As the ceremony ended I hung around by the stage taking in everything that had happened, not only in that moment but in the weeks preceding it. And it was then that I noticed Bikram himself standing just a few feet away, seemingly lost in the moment very much like I was. I'd spoken to him a few times during the nine weeks and on occasion flashed him a thumbs up if he walked past me; I don't know why, but it always raised a smile from him and a thumbs up in return, so given the opportunity I'd always do it; as an aside without doubt my most surprising memory of contact with him came in one of our final classes when he ran between us to get to the podium and loudly slapped me on the arse en route.

Anyway, here I was standing not so far away from the man who in such a relatively short period of time had had such a profound effect on my life, and then for some reason he turned to look at me and I decided one last time to give him a thumbs up (I'd come to the conclusion by this point that if he didn't know my actual name he probably referred to me as 'Mr.

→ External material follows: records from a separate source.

definition ps2_expansion :: "(complex \<Rightarrow> complex \<Rightarrow> complex) \<Rightarrow> (nat \<Rightarrow> nat \<Rightarrow> complex) \<Rightarrow> bool" where
  "ps2_expansion g a \<longleftrightarrow>
     (\<exists>r>0. \<forall>z w. norm z < r \<longrightarrow> norm w < r \<longrightarrow>
        ((\<lambda>(i,j). a i j * z ^ i * w ^ j) has_sum g z w) UNIV)"

definition coeff2 :: "(complex \<Rightarrow> complex \<Rightarrow> complex) \<Rightarrow> nat \<Rightarrow> nat \<Rightarrow> complex" where
  "coeff2 g = (THE a. ps2_expansion g a)"

definition germ_ord :: "(complex \<Rightarrow> complex \<Rightarrow> complex) \<Rightarrow> nat" where
  "germ_ord g = (LEAST k. \<exists>i j. i + j = k \<and> coeff2 g i j \<noteq> 0)"

definition newton_polygon :: "(nat \<Rightarrow> nat \<Rightarrow> complex) \<Rightarrow> (real \<times> real) set" where
  "newton_polygon b = convex hull
     (\<Union>{ {(x, y). x \<ge> real i \<and> y \<ge> real j} | i j. b i j \<noteq> 0 })"

text \<open>y-intercept of the line through (n_k,m_k) and (n_{k+1},m_{k+1}).\<close>
definition T_int :: "(nat \<Rightarrow> nat) \<Rightarrow> (nat \<Rightarrow> nat) \<Rightarrow> nat \<Rightarrow> real" where
  "T_int nv mv k = real (mv k) + (real (mv k) - real (mv (Suc k))) * real (nv k)
                     / (real (nv (Suc k)) - real (nv k))"

definition skewQ :: "(complex \<Rightarrow> complex) \<Rightarrow> (complex \<Rightarrow> complex \<Rightarrow> complex) \<Rightarrow> nat
                      \<Rightarrow> complex \<Rightarrow> complex \<Rightarrow> complex" where
  "skewQ p q n z w = snd (((\<lambda>(x, y). (p x, q x y)) ^^ n) (z, w))"

end

theory Submission
  imports Defs "HOL-Complex_Analysis.Cauchy_Integral_Formula"
begin

text \<open>
  The two components of f^n are expanded as convergent double power series, computed recursively
  by substituting series into series. In a substitution b(u, v) a coefficient of total degree k can
  only come from a monomial z^i w^j of b with i c(u) + j c(v) \<le> k, and the lowest pure z-power
  coefficient is exact when a single monomial of b minimises this weight. The first component has
  order \<delta>^n, attained on the z-axis. By the Newton polygon hypotheses every monomial z^i w^j of q
  satisfies i + l1 j \<ge> \<gamma>; together with l1 \<delta> < \<gamma> this makes z^\<gamma> the unique minimiser of
  \<delta> i + \<gamma> j, so Q^n has a nonzero z-axis coefficient of degree \<gamma>\<delta>^(n-1), the upper bound.
  The lower bounds follow by induction on n, from \<delta> i + \<gamma> j \<ge> \<gamma>\<delta> when l1 \<le> 1 and from
  l1 \<delta> i + \<gamma> j > \<gamma>\<delta> when l1 > 1.
\<close>

type_synonym ps2 = "nat \<Rightarrow> nat \<Rightarrow> complex"

section \<open>Cauchy products of double families\<close>

definition conv_fibre :: "nat \<Rightarrow> nat \<Rightarrow> ((nat \<times> nat) \<times> (nat \<times> nat)) set" where
  "conv_fibre m n = {x. fst (fst x) + fst (snd x) = m \<and> snd (fst x) + snd (snd x) = n}"

lemma finite_conv_fibre: "finite (conv_fibre m n)"
proof -
  have "conv_fibre m n \<subseteq> ({..m} \<times> {..n}) \<times> ({..m} \<times> {..n})" by (auto simp: conv_fibre_def)
  then show ?thesis by (rule finite_subset) auto
qed

lemma has_sum_product_abs:
  fixes f g :: "nat \<times> nat \<Rightarrow> 'a::{real_normed_field,banach,second_countable_topology}"
  assumes f: "(\<lambda>x. norm (f x)) summable_on UNIV" and g: "(\<lambda>x. norm (g x)) summable_on UNIV"
  shows "((\<lambda>x. f (fst x) * g (snd x)) has_sum (infsum f UNIV * infsum g UNIV)) (UNIV \<times> UNIV)"
proof -
  let ?H = "\<lambda>x::(nat\<times>nat)\<times>(nat\<times>nat). f (fst x) * g (snd x)"
  have gs: "g summable_on UNIV" using g abs_summable_summable by blast
  have fs: "f summable_on UNIV" using f abs_summable_summable by blast
  have Hs: "(\<lambda>x. norm (?H x)) summable_on (UNIV \<times> UNIV)"
  proof (rule Infinite_Sum.abs_summable_on_Sigma_iff[where f="?H" and A=UNIV and B="\<lambda>_. UNIV", THEN iffD2], intro conjI ballI)
    fix x show "(\<lambda>y. norm (?H (x, y))) summable_on UNIV"
      using summable_on_cmult_right[OF g, of "norm (f x)"] by (simp add: norm_mult)
  next
    have "(\<lambda>x. norm (f x) * infsum (\<lambda>y. norm (g y)) UNIV) summable_on UNIV"
      using summable_on_cmult_left[OF f] by simp
    moreover have "infsum (\<lambda>y. norm (?H (x, y))) UNIV = norm (f x) * infsum (\<lambda>y. norm (g y)) UNIV" for x
      by (simp add: norm_mult infsum_cmult_right')
    ultimately show "(\<lambda>x. norm (infsum (\<lambda>y. norm (?H (x, y))) UNIV)) summable_on UNIV"
      by (simp add: infsum_nonneg)
  qed
  show ?thesis
  proof (rule has_sum_SigmaI)
    fix x show "((\<lambda>y. ?H (x, y)) has_sum (f x * infsum g UNIV)) UNIV"
      using has_sum_cmult_right[OF has_sum_infsum[OF gs], of "f x"] by simp
  next
    show "((\<lambda>x. f x * infsum g UNIV) has_sum (infsum f UNIV * infsum g UNIV)) UNIV"
      using has_sum_cmult_left[OF has_sum_infsum[OF fs]] by simp
  next
    show "?H summable_on UNIV \<times> UNIV" by (rule Infinite_Sum.abs_summable_summable[OF Hs])
  qed
qed

lemma has_sum_regroup_conv_fibre:
  fixes H :: "(nat \<times> nat) \<times> (nat \<times> nat) \<Rightarrow> 'a::banach"
  assumes "(H has_sum S) (UNIV \<times> UNIV)"
  shows "((\<lambda>y. \<Sum>x\<in>conv_fibre (fst y) (snd y). H x) has_sum S) UNIV"
proof -
  let ?phi = "\<lambda>x::(nat \<times> nat) \<times> (nat \<times> nat). ((fst (fst x) + fst (snd x), snd (fst x) + snd (snd x)), x)"
  have bij: "bij_betw ?phi UNIV (Sigma UNIV (\<lambda>y. conv_fibre (fst y) (snd y)))"
    by (rule bij_betwI[of _ _ _ snd]) (auto simp: conv_fibre_def)
  have "((\<lambda>x. (\<lambda>(y, x). H x) (?phi x)) has_sum S) UNIV" using assms by simp
  then have "((\<lambda>(y, x). H x) has_sum S) (Sigma UNIV (\<lambda>y. conv_fibre (fst y) (snd y)))"
    using has_sum_reindex_bij_betw[OF bij] by blast
  moreover have "((\<lambda>x. (\<lambda>(y, x). H x) (y, x)) has_sum (\<Sum>x\<in>conv_fibre (fst y) (snd y). H x)) (conv_fibre (fst y) (snd y))" for y
    using has_sum_finite[OF finite_conv_fibre] by simp
  ultimately show ?thesis
    by (rule has_sum_SigmaD[where g="\<lambda>y. \<Sum>x\<in>conv_fibre (fst y) (snd y). H x"])
qed

section \<open>Absolutely convergent double power series\<close>

definition ps_abs_conv :: "ps2 \<Rightarrow> real \<Rightarrow> bool" where
  "ps_abs_conv c r \<longleftrightarrow> (\<lambda>x. norm (c (fst x) (snd x)) * r ^ (fst x + snd x)) summable_on UNIV"

definition ps_norm :: "ps2 \<Rightarrow> real \<Rightarrow> real" where
  "ps_norm c r = (\<Sum>\<^sub>\<infinity>x\<in>UNIV. norm (c (fst x) (snd x)) * r ^ (fst x + snd x))"

definition ps_term :: "ps2 \<Rightarrow> complex \<Rightarrow> complex \<Rightarrow> nat \<times> nat \<Rightarrow> complex" where
  "ps_term c z w x = c (fst x) (snd x) * z ^ fst x * w ^ snd x"

definition ps_eval :: "ps2 \<Rightarrow> complex \<Rightarrow> complex \<Rightarrow> complex" where
  "ps_eval c z w = (\<Sum>\<^sub>\<infinity>x\<in>UNIV. ps_term c z w x)"

lemma ps_term_eq: "ps_term c z w = (\<lambda>x. c (fst x) (snd x) * z ^ fst x * w ^ snd x)"
  by (simp add: fun_eq_iff ps_term_def)

lemma norm_ps_term_le:
  assumes "norm z \<le> r" "norm w \<le> r"
  shows "norm (ps_term c z w x) \<le> norm (c (fst x) (snd x)) * r ^ (fst x + snd x)"
proof -
  have r0: "0 \<le> r" using assms(1) norm_ge_zero order_trans by blast
  have "norm z ^ fst x * norm w ^ snd x \<le> r ^ fst x * r ^ snd x"
    using assms r0 by (intro mult_mono power_mono) auto
  then show ?thesis
    by (simp add: ps_term_def norm_mult norm_power power_add mult.assoc mult_left_mono)
qed

lemma abs_summable_ps_term:
  assumes "ps_abs_conv c r" "norm z \<le> r" "norm w \<le> r"
  shows "(\<lambda>x. norm (ps_term c z w x)) summable_on UNIV"
  using assms(1) unfolding ps_abs_conv_def
  by (rule summable_on_comparison_test) (use norm_ps_term_le[OF assms(2,3)] in auto)

lemma ps_eval_has_sum:
  assumes "ps_abs_conv c r" "norm z \<le> r" "norm w \<le> r"
  shows "(ps_term c z w has_sum ps_eval c z w) UNIV"
  unfolding ps_eval_def
  by (rule has_sum_infsum, rule Infinite_Sum.abs_summable_summable[OF abs_summable_ps_term[OF assms]])

lemma norm_ps_eval_le:
  assumes "ps_abs_conv c r" "norm z \<le> r" "norm w \<le> r"
  shows "norm (ps_eval c z w) \<le> ps_norm c r"
  unfolding ps_norm_def
  by (rule norm_infsum_le[OF ps_eval_has_sum[OF assms] has_sum_infsum])
     (use assms(1) norm_ps_term_le[OF assms(2,3)] in \<open>auto simp: ps_abs_conv_def\<close>)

Thumbs Up). He smiled, a really big Bikram grin, and then did the last thing I expected him to do: he walked straight over to me, clapped me on the shoulder then shook my hand. We exchanged a few words, ending with me thanking him. I hope he realised that I didn't just mean for the certificate he'd given me minutes earlier, or even for the nine weeks of training. What I really meant was to thank him for helping me fulfil the potential that has always existed within me but which had, perhaps, gone unused for too long. He nodded, smiled again, and then was gone. It was the last time I was to speak to him.

Disco tits at the graduation party. Might've had a wee drink or, um … yeah.
Throughout training Bikram had always spoken about the 'power of self-realisation,' and for so long it made such little sense to me. But there, with my certificate in my hand and Bikram disappearing into the crowd, I finally got it. Because of him I had conquered my fear of flying just to get to LA to do the training, then put myself through nine weeks of killing myself in "Bikram's torture chamber" only to come out the other side a better and stronger person.

"You people," Bikram had said to us at the very beginning, "are the most intelligent people in the world. Ask me why!"

We had mumbled a collective "why?" in return, at which point he had smiled, opened his eyes wide and pointed a finger at us.

"Because you made the decision to come here to learn from me, THAT'S why."

He wasn't wrong. Going to LA, committing myself to this path, was the best decision I have ever made - the best thing I have ever done with my life.